What had caused these six Pawnee to stop was something they had seen. And now they sat atop their scrawny horses, looking down on a series of rolling gullies. A tiny wisp of smoke was curling into the early morning air about half a mile away.
From their vantage point on a low rise they could see the smoke clearly. But they could not see the source. The source was hidden in the last of the gullies. And because they could not see all that they wanted, the men had begun to talk it over, chattering in low, guttural tones about the smoke and what it might be. Had they felt stronger, they might have ridden down at once, but they had already been away from home for a long time, and the time away had been a disaster.

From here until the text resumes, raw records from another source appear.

lemma mu_insert_insert:
  assumes \<sigma>: "partition_on S \<sigma>" and \<tau>: "partition_on S \<tau>"
  shows "mu a b (insert D \<sigma>) (insert D \<tau>) = mu a b \<sigma> \<tau>"
proof (cases "refines \<sigma> \<tau>")
  case True
  have "(\<Prod>B\<in>insert D \<tau>. block_factor a b (nblocks (insert D \<sigma>) B))
      = block_factor a b (nblocks (insert D \<sigma>) D)
        * (\<Prod>B\<in>\<tau>. block_factor a b (nblocks (insert D \<sigma>) B))"
    using finite_elements[OF finite_S \<tau>] D_notin[OF \<tau>] by simp
  also have "\<dots> = (\<Prod>B\<in>\<tau>. block_factor a b (nblocks \<sigma> B))"
    using nblocks_insert_D_Un[OF \<sigma>, of "{}"] nblocks_empty[OF \<sigma>]
      nblocks_insert_D[OF \<sigma> partition_on_block_subset[OF \<tau>]]
    by simp
  finally show ?thesis using True by (simp add: mu_altdef refines_insert_insert_iff[OF \<sigma>])
qed (simp add: mu_altdef refines_insert_insert_iff[OF \<sigma>])

lemma mu_insert_add:
  assumes \<sigma>: "partition_on S \<sigma>" and \<pi>: "partition_on S \<pi>" "A \<in> \<pi>"
  shows "mu a b (insert D \<sigma>) (add_to_block D A \<pi>) = mu a b \<sigma> \<pi> * (b - of_nat (nblocks \<sigma> A) * a)"
proof (cases "refines \<sigma> \<pi>")
  case True
  let ?f = "\<lambda>B. block_factor a b (nblocks \<sigma> B)"
  have fin: "finite \<pi>" using finite_elements[OF finite_S \<pi>(1)] .
  have "A \<union> D \<notin> \<pi> - {A}" using block_disjoint_D[OF \<pi>(1)] D_nonempty by blast
  then have "(\<Prod>B\<in>add_to_block D A \<pi>. block_factor a b (nblocks (insert D \<sigma>) B))
      = block_factor a b (Suc (nblocks \<sigma> A)) * (\<Prod>B\<in>\<pi> - {A}. ?f B)"
    using fin nblocks_insert_D_Un[OF \<sigma>] nblocks_insert_D[OF \<sigma> partition_on_block_subset[OF \<pi>(1)]]
    by (simp add: add_to_block_def)
  also have "\<dots> = ?f A * (\<Prod>B\<in>\<pi> - {A}. ?f B) * (b - of_nat (nblocks \<sigma> A) * a)"
    using nblocks_pos[OF finite_elements[OF finite_S \<sigma>] \<sigma> \<pi>(1) True \<pi>(2)]
    by (simp add: block_factor_Suc mult_ac)
  also have "?f A * (\<Prod>B\<in>\<pi> - {A}. ?f B) = (\<Prod>B\<in>\<pi>. ?f B)"
    by (rule prod.remove[OF fin \<pi>(2), symmetric])
  finally show ?thesis
    using True refines_insert_add_iff[OF \<sigma> \<pi>(2)] by (simp add: mu_altdef)
qed (simp add: mu_altdef refines_insert_add_iff[OF \<sigma> \<pi>(2)])

lemma mu_add_add:
  assumes \<tau>: "partition_on S \<tau>" "C \<in> \<tau>" and \<pi>: "partition_on S \<pi>" "A \<in> \<pi>"
  shows "mu a b (add_to_block D C \<tau>) (add_to_block D A \<pi>) = (if C \<subseteq> A then mu a b \<tau> \<pi> else 0)"
proof (cases "refines \<tau> \<pi> \<and> C \<subseteq> A")
  case True
  let ?f = "\<lambda>B. block_factor a b (nblocks \<tau> B)"
  have fin: "finite \<pi>" using finite_elements[OF finite_S \<pi>(1)] .
  have "\<not> C \<subseteq> B" if "B \<in> \<pi> - {A}" for B
    using True that partition_on_block_eq[OF \<pi>(1) _ \<pi>(2)] partition_on_block_nonempty[OF \<tau>] by blast
  moreover have "A \<union> D \<notin> \<pi> - {A}" using block_disjoint_D[OF \<pi>(1)] D_nonempty by blast
  ultimately have "(\<Prod>B\<in>add_to_block D A \<pi>. block_factor a b (nblocks (add_to_block D C \<tau>) B))
      = ?f A * (\<Prod>B\<in>\<pi> - {A}. ?f B)"
    using fin True nblocks_add_to_block_Un[OF \<tau>]
      nblocks_add_to_block_other[OF \<tau> partition_on_block_subset[OF \<pi>(1)]]
    by (simp add: add_to_block_def)
  also have "\<dots> = (\<Prod>B\<in>\<pi>. ?f B)"
    by (rule prod.remove[OF fin \<pi>(2), symmetric])
  finally show ?thesis
    using True refines_add_add_iff[OF \<tau> \<pi>] by (simp add: mu_altdef)
qed (auto simp: mu_altdef refines_add_add_iff[OF \<tau> \<pi>])

lemma mu_add_insert:
  assumes "partition_on S \<tau>" "C \<in> \<tau>" "partition_on S \<pi>"
  shows "mu a b (add_to_block D C \<tau>) (insert D \<pi>) = 0"
  using not_refines_add_insert[OF assms] by (simp add: mu_altdef)

lemma coarsenings_insert_D:
  assumes \<sigma>: "partition_on S \<sigma>"
  shows "coarsenings (D \<union> S) (insert D \<sigma>)
    = insert D ` coarsenings S \<sigma> \<union> (\<lambda>(\<tau>, C). add_to_block D C \<tau>) ` (SIGMA \<tau>:coarsenings S \<sigma>. \<tau>)"
    (is "?L = ?I \<union> ?A")
proof
  show "?L \<subseteq> ?I \<union> ?A"
  proof
    fix \<tau>' assume "\<tau>' \<in> ?L"
    then have \<tau>': "partition_on (D \<union> S) \<tau>'" "refines (insert D \<sigma>) \<tau>'"
      by (auto simp: coarsenings_def)
    then obtain E where "E \<in> \<tau>'" "D \<subseteq> E" by (auto simp: refines_def)
    with \<tau>'(1) show "\<tau>' \<in> ?I \<union> ?A"
    proof (cases rule: partition_on_D_cases)
      case (isolated \<tau>)
      then show ?thesis using \<tau>'(2) refines_insert_insert_iff[OF \<sigma>] by (auto simp: coarsenings_def)
    next
      case (absorbed \<tau> C)
      then have "(\<tau>, C) \<in> (SIGMA \<tau>:coarsenings S \<sigma>. \<tau>)"
        using \<tau>'(2) refines_insert_add_iff[OF \<sigma>] by (auto simp: coarsenings_def)
      then show ?thesis using absorbed(3) by force
    qed
  qed
  show "?I \<union> ?A \<subseteq> ?L"
    using partition_on_insert_D partition_on_add_to_block
      refines_insert_insert_iff[OF \<sigma>] refines_insert_add_iff[OF \<sigma>]
    by (auto simp: coarsenings_def)
qed

lemma add_to_block_inverse:
  assumes "partition_on S \<tau>" "C \<in> \<tau>"
  shows "insert C (add_to_block D C \<tau> - {C \<union> D}) = \<tau>"
proof -
  have "C \<union> D \<notin> \<tau>" using block_disjoint_D[OF assms(1)] D_nonempty by blast
  then show ?thesis using assms(2) by (auto simp: add_to_block_def)
qed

They had begun with a small party of eleven men, making the trek south to steal from the horse-rich Comanches. After riding for almost a week they had been surprised at a river crossing by a large force of Kiowas. It was a lucky thing that they escaped with only one man dead and one wounded.
The wounded man held on for a week with a badly punctured lung, and the burden of him slowed the party greatly. When at last he died and the nine marauding Pawnee could resume their search unencumbered, they had nothing but bad luck. The Comanche bands were always a step or two ahead of the hapless Pawnee, and for two more weeks they found nothing but cold trails.
Finally they located a large encampment with many fine horses and rejoiced in the lifting of the bad cloud that had followed them for so long. But what the Pawnee didn’t know was that their luck hadn’t changed at all. In fact, it was only the worst kind of luck that had brought them to this village, for this band of Comanches had been hit hard only a few days before by a strong party of Utes, who had killed several good warriors and made off with thirty horses.
The whole Comanche band was on the alert, and they were in a vengeful mood as well. The Pawnee were discovered the moment they began to creep into the village, and with half the camp breathing down their necks, they fled, stumbling through the alien darkness on their worn-out ponies. It was only in retreat that luck finally found them. All of them should have died that night. In the end, however, they lost only three more warriors.